Department of Biostatistics and Bioinformatics, Emory University, 1518 Clifton Road, NE, Atlanta, GA, USA.
Department of Biostatistics, Epidemiology and Informatics, Perelman School of Medicine, University of Pennsylvania, 423 Guardian Drive, Philadelphia, PA, USA.
Biostatistics. 2020 Jul 1;21(3):610-624. doi: 10.1093/biostatistics/kxy081.
Biclustering techniques can identify local patterns of a data matrix by clustering feature space and sample space at the same time. Various biclustering methods have been proposed and successfully applied to analysis of gene expression data. While existing biclustering methods have many desirable features, most of them are developed for continuous data and few of them can efficiently handle -omics data of various types, for example, binomial data as in single nucleotide polymorphism data or negative binomial data as in RNA-seq data. In addition, none of existing methods can utilize biological information such as those from functional genomics or proteomics. Recent work has shown that incorporating biological information can improve variable selection and prediction performance in analyses such as linear regression and multivariate analysis. In this article, we propose a novel Bayesian biclustering method that can handle multiple data types including Gaussian, Binomial, and Negative Binomial. In addition, our method uses a Bayesian adaptive structured shrinkage prior that enables feature selection guided by existing biological information. Our simulation studies and application to multi-omics datasets demonstrate robust and superior performance of the proposed method, compared to other existing biclustering methods.

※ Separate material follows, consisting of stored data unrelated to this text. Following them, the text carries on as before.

lemma USW_move_good:
  assumes "is_allocation n m A" "i < n" "j < n" "i \<noteq> j" "g \<in> A i"
  shows "USW n u (A(i := A i - {g}, j := insert g (A j))) = USW n u A - u i g + u j g"
proof -
  have "g \<notin> A j"
    using assms allocation_disjoint by metis
  then have "bundle_util u l ((A(i := A i - {g}, j := insert g (A j))) l) =
      bundle_util u l (A l) - (if l = i then u i g else 0) + (if l = j then u j g else 0)" for l
    using assms allocation_finite[OF assms(1)]
    by (auto simp: bundle_util_def sum_diff1)
  then show ?thesis
    using assms by (simp add: USW_def sum.distrib sum_subtractf)
qed

lemma util_optimal_dominance:
  assumes "is_util_optimal n m u A" "i < n" "j < n" "g \<in> A i"
  shows "u j g \<le> u i g"
proof (cases "i = j")
  case False
  have "is_allocation n m A"
    using assms(1) by (simp add: is_util_optimal_def)
  then have "USW n u (A(i := A i - {g}, j := insert g (A j))) \<le> USW n u A"
    using assms allocation_move_good by (metis is_util_optimal_def)
  then show ?thesis
    using USW_move_good[OF \<open>is_allocation n m A\<close> assms(2,3) False assms(4)] by simp
qed simp

lemma finite_USW_allocations: "finite {USW n u A | A. is_allocation n m A}"
proof (rule finite_subset)
  show "{USW n u A | A. is_allocation n m A} \<subseteq> USW n u ` (\<Pi>\<^sub>E i\<in>{..<n}. Pow {..<m})"
  proof clarify
    fix A assume "is_allocation n m A"
    then have "restrict A {..<n} \<in> (\<Pi>\<^sub>E i\<in>{..<n}. Pow {..<m})"
      by (auto simp: is_allocation_def)
    moreover have "USW n u A = USW n u (restrict A {..<n})"
      by (simp add: USW_def)
    ultimately show "USW n u A \<in> USW n u ` (\<Pi>\<^sub>E i\<in>{..<n}. Pow {..<m})" by blast
  qed
qed (simp add: finite_PiE)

双聚类技术可以通过同时对特征空间和样本空间进行聚类来识别数据矩阵的局部模式。已经提出了各种双聚类方法,并成功地应用于基因表达数据的分析。虽然现有的双聚类方法具有许多理想的特征,但它们大多是为连续数据开发的,很少有方法能够有效地处理各种类型的组学数据,例如单核苷酸多态性数据中的二项式数据或 RNA-seq 数据中的负二项式数据。此外,现有的方法都不能利用功能基因组学或蛋白质组学等生物学信息。最近的研究表明,在线性回归和多元分析等分析中,结合生物学信息可以提高变量选择和预测性能。在本文中,我们提出了一种新的贝叶斯双聚类方法,该方法可以处理包括高斯、二项式和负二项式在内的多种数据类型。此外,我们的方法使用了贝叶斯自适应结构化收缩先验,能够根据现有生物学信息进行特征选择。与其他现有的双聚类方法相比,我们的模拟研究和对多组学数据集的应用表明,所提出的方法具有稳健和优越的性能。